The Library of Congress acquires, preserves, and provides enduring access to fixed datasets selected by subject experts. Datasets provide material for the emergent data science community to build upon, and the Library strives to cultivate a broad collection that is of use to researchers interested in a variety of topics, including open Citizen Science, machine learning, digital humanities, and government. The Library prioritizes datasets that are determined to qualify as at-risk born-digital content to preserve along with more traditional content. Consult our Selected Datasets Collection for information about datasets in the Library's collection.

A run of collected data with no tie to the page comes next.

locale csu_system =
  fixes x y z :: "real \<Rightarrow> real" and \<epsilon> :: real and N :: "real set"
  assumes abs_cont: "abs_cont_nonpos x" "abs_cont_nonpos y" "abs_cont_nonpos z"
    and nonneg: "\<And>s. s \<le> 0 \<Longrightarrow> 0 \<le> x s" "\<And>s. s \<le> 0 \<Longrightarrow> 0 \<le> y s" "\<And>s. s \<le> 0 \<Longrightarrow> 0 \<le> z s"
    and liminf_y: "Liminf at_bot (\<lambda>s. ereal (y s)) = 0"
    and eps: "0 < \<epsilon>" "\<epsilon> \<le> 1/100"
    and negligible_N: "negligible N"
    and deriv: "\<And>s. s \<le> 0 \<Longrightarrow> s \<notin> N \<Longrightarrow> \<exists>x' y' z'. (x has_real_derivative x') (at s) \<and>
      (y has_real_derivative y') (at s) \<and> (z has_real_derivative z') (at s) \<and>
      csu_bounds \<epsilon> (x s) (y s) (z s) x' y' z'"
begin

lemma abs_cont_on_xyz:
  assumes "r \<le> s" "s \<le> 0"
  shows "abs_cont_on {r..s} x" "abs_cont_on {r..s} y" "abs_cont_on {r..s} z"
  using abs_cont assms by (simp_all add: abs_cont_nonpos_def)

lemma stays_below:
  assumes "r \<le> s" "s \<le> 0" "abs_cont_on {r..s} f" "f r \<le> c"
    and slope: "\<And>t x' y' z'. t \<le> 0 \<Longrightarrow> (x has_real_derivative x') (at t) \<Longrightarrow>
      (y has_real_derivative y') (at t) \<Longrightarrow> (z has_real_derivative z') (at t) \<Longrightarrow>
      csu_bounds \<epsilon> (x t) (y t) (z t) x' y' z' \<Longrightarrow> c < f t \<Longrightarrow>
      \<exists>D. (f has_real_derivative D) (at t) \<and> D < 0"
  shows "f s \<le> c"
proof (rule abs_cont_on_stays_below[OF assms(1,3) negligible_N assms(4), of "c + 1"])
  fix t assume "r < t" "t < s" "t \<notin> N" "c < f t"
  with \<open>s \<le> 0\<close> show "\<exists>D. (f has_real_derivative D) (at t) \<and> D < 0"
    using deriv[of t] slope[of t] by force
qed simp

This guide provides information about the collection of datasets at the Library of Congress, suggests tools for researchers, considers how datasets can be used for research, and provides guidance for locating datasets that may be sources for data science and machine learning projects. It is not intended to be comprehensive; rather, the goal of this guide is to provide credible starting points.
Consult Digital Scholarship at the Library of Congress: A Resource Guide for more information on ways to access digital materials for scholarship, classroom instruction, the exploration of hobbies or passions, and more.
The Signal is a collaborative blog between the Digital Strategy Directorate and the Digital Content Management Section at the Library of Congress, initiated in 2011 to share about digital preservation efforts. It contains a number of blogs focused on datasets. The Teaching with the Library of Congress blog also has articles on datasets.